── MATERIALS PROVIDED
lemma card_dominating_sets_eq_mod:
  assumes "1 \<le> k"
  shows "card {D. is_dominating n E D \<and> card D = k} =
    card {S. is_indep n (n * n) (nbhd_copies n E) S \<and> card (S \<inter> bis_U n) = k} mod 2 ^ n"
proof -
  let ?I = "{A. A \<subseteq> {..<n} \<and> card A = k}"
  let ?dom = "\<lambda>A. undominated n E A = {}"
  have dominating_eq: "{D. is_dominating n E D \<and> card D = k} = {A \<in> ?I. ?dom A}"
    by (auto simp: is_dominating_def undominated_def)
  have summand_mod: "(2::nat) ^ (n * card (undominated n E A)) mod 2 ^ n =
      (if ?dom A then 1 else 0) mod 2 ^ n" for A
  proof (cases "?dom A")
    case False
    then have "1 \<le> card (undominated n E A)"
      by (simp add: Suc_leI card_gt_0_iff undominated_def)
    then have "(2::nat) ^ n dvd 2 ^ (n * card (undominated n E A))"
      by (simp add: le_imp_power_dvd)
    with False show ?thesis by simp
  qed simp
  have "card {A \<in> ?I. ?dom A} < 2 ^ n"
  proof -
    have "{A \<in> ?I. ?dom A} \<subseteq> Pow {..<n} - {{}}"
      using assms by auto
    then have "card {A \<in> ?I. ?dom A} \<le> card (Pow {..<n} - {{}})"
      by (rule card_mono[rotated]) simp
    also have "\<dots> = 2 ^ n - 1"
      by (simp add: card_Pow)
    finally
    show ?thesis by (simp add: order_le_less_trans[of _ "2 ^ n - 1"])
  qed
  then have "card {A \<in> ?I. ?dom A} = (\<Sum>A\<in>?I. if ?dom A then 1 else 0) mod 2 ^ n"
    by (simp add: sum.If_cases Int_def conj_assoc)
  also have "\<dots> = (\<Sum>A\<in>?I. (if ?dom A then 1 else 0) mod 2 ^ n) mod 2 ^ n"
    by (simp only: mod_sum_eq)
  also have "\<dots> = (\<Sum>A\<in>?I. (2::nat) ^ (n * card (undominated n E A))) mod 2 ^ n"
    by (simp only: summand_mod[symmetric] mod_sum_eq)
  finally show ?thesis
    using dominating_eq card_left_indep_sets_nbhd_copies by simp
qed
────
Please transcribe all of the data above exactly.

• THE ANSWER:
lemma card_dominating_sets_eq_mod:
  assumes "1 \<le> k"
  shows "card {D. is_dominating n E D \<and> card D = k} =
    card {S. is_indep n (n * n) (nbhd_copies n E) S \<and> card (S \<inter> bis_U n) = k} mod 2 ^ n"
proof -
  let ?I = "{A. A \<subseteq> {..<n} \<and> card A = k}"
  let ?dom = "\<lambda>A. undominated n E A = {}"
  have dominating_eq: "{D. is_dominating n E D \<and> card D = k} = {A \<in> ?I. ?dom A}"
    by (auto simp: is_dominating_def undominated_def)
  have summand_mod: "(2::nat) ^ (n * card (undominated n E A)) mod 2 ^ n =
      (if ?dom A then 1 else 0) mod 2 ^ n" for A
  proof (cases "?dom A")
    case False
    then have "1 \<le> card (undominated n E A)"
      by (simp add: Suc_leI card_gt_0_iff undominated_def)
    then have "(2::nat) ^ n dvd 2 ^ (n * card (undominated n E A))"
      by (simp add: le_imp_power_dvd)
    with False show ?thesis by simp
  qed simp
  have "card {A \<in> ?I. ?dom A} < 2 ^ n"
  proof -
    have "{A \<in> ?I. ?dom A} \<subseteq> Pow {..<n} - {{}}"
      using assms by auto
    then have "card {A \<in> ?I. ?dom A} \<le> card (Pow {..<n} - {{}})"
      by (rule card_mono[rotated]) simp
    also have "\<dots> = 2 ^ n - 1"
      by (simp add: card_Pow)
    finally
    show ?thesis by (simp add: order_le_less_trans[of _ "2 ^ n - 1"])
  qed
  then have "card {A \<in> ?I. ?dom A} = (\<Sum>A\<in>?I. if ?dom A then 1 else 0) mod 2 ^ n"
    by (simp add: sum.If_cases Int_def conj_assoc)
  also have "\<dots> = (\<Sum>A\<in>?I. (if ?dom A then 1 else 0) mod 2 ^ n) mod 2 ^ n"
    by (simp only: mod_sum_eq)
  also have "\<dots> = (\<Sum>A\<in>?I. (2::nat) ^ (n * card (undominated n E A))) mod 2 ^ n"
    by (simp only: summand_mod[symmetric] mod_sum_eq)
  finally show ?thesis
    using dominating_eq card_left_indep_sets_nbhd_copies by simp
qed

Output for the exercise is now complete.